According to the findings of the Lower Pleistocene deposits in the research area, the population of terrestrial small mammals was dominated in forest communities. During the entire Pleistocene, there was a gradual increase in the number of steppe species of small mammals and a simultaneous decrease in the number of forest species. At the same time, glaciations of various types in the Eurasian continent determined latitudinal migrations from both the west and the east.

Also, for the studied communities of small mammals, a significant genetic differentiation of populations is a characteristic feature. The degree of depth of genetic variation in the mitochondrial genome shows long-standing isolation under Pleistocene refugium conditions and the history of post-Pleistocene settlement.
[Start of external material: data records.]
lemma graph_prob_indep:
  assumes fin: "finite V" "finite W" and disj: "V \<inter> W = {}"
    and Q: "\<And>E. E \<in> graphs (V \<union> W) \<Longrightarrow> Q (E - induced E V) = Q E"
  shows "graph_prob (V \<union> W) (\<lambda>E. P (induced E V) \<and> Q E) = graph_prob V P * graph_prob (V \<union> W) Q"
proof -
  let ?split = "\<lambda>E. (induced E V, induced E W, E \<inter> V \<times> W)"
  let ?Q' = "\<lambda>(E2, H). Q (E2 \<union> H \<union> H\<inverse>)"
  let ?S = "{s \<in> graphs W \<times> Pow (V \<times> W). ?Q' s}"
  have Q': "Q E = ?Q' (snd (?split E))" if "E \<in> graphs (V \<union> W)" for E
  proof -
    have "E - induced E V = induced E W \<union> (E \<inter> V \<times> W) \<union> (E \<inter> V \<times> W)\<inverse>"
      using that disj unfolding graphs_def is_graph_def induced_def sym_def by auto
    then show ?thesis using Q[OF that] by simp
  qed
  have count: "card {E \<in> graphs (V \<union> W). R (induced E V) \<and> Q E} = card {E0 \<in> graphs V. R E0} * card ?S"
    for R
  proof -
    have "bij_betw ?split {E \<in> graphs (V \<union> W). R (induced E V) \<and> Q E}
        {t \<in> graphs V \<times> graphs W \<times> Pow (V \<times> W). R (fst t) \<and> ?Q' (snd t)}"
      by (rule bij_betw_Collect[OF graphs_disjoint_union_bij[OF disj]]) (use Q' in auto)
    moreover have "{t \<in> graphs V \<times> graphs W \<times> Pow (V \<times> W). R (fst t) \<and> ?Q' (snd t)}
        = {E0 \<in> graphs V. R E0} \<times> ?S"
      by auto
    ultimately show ?thesis by (simp add: bij_betw_same_card card_cartesian_product)
  qed
  have "card (graphs (V \<union> W)) = card (graphs V) * card (graphs W \<times> Pow (V \<times> W))"
    using bij_betw_same_card[OF graphs_disjoint_union_bij[OF disj]] by (simp add: card_cartesian_product)
  with count[of P] count[of "\<lambda>_. True"] card_graphs_pos[OF fin(1)] show ?thesis
    unfolding graph_prob_def by (simp add: field_simps)
qed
Sylvaemus uralensis and Apodemus agrarius (Pallas, 1771) were recorded by different authors on the periphery of the research area, but were not recorded in Tuva. The appearance of the first specimens of these species was recorded in 2018–2019 in the Todzhinsky basin. The low level of gene flows and the absence of "southern" genetic links between the European and Asian races of S. uralensis suggests that the migration of the animal in the southern direction was less intense in the Pleistocene and later, to maintain contact between the races. The differentiation of the geographical races of S. uralensis occurred over 2 million years ago, perhaps as a result of the emergence of an ecological barrier between the races in the form of a dry climate zone with an increase in the proportion of steppe landscapes. The ecological conditions in the Asian and European parts of Russia allowed the geographical races of the lesser forest mouse to evolve separately from each other for a long time in different climatic zones, as result of which they achieved such differentiation at the mtDNA level that allows them to be considered species at the stage of formation. Contact between the races apparently did not resume, despite the recent de- mographic changes within each of them, so we should expect the formation of two independent species from two geographical races of the lesser forest mouse in the studied territories.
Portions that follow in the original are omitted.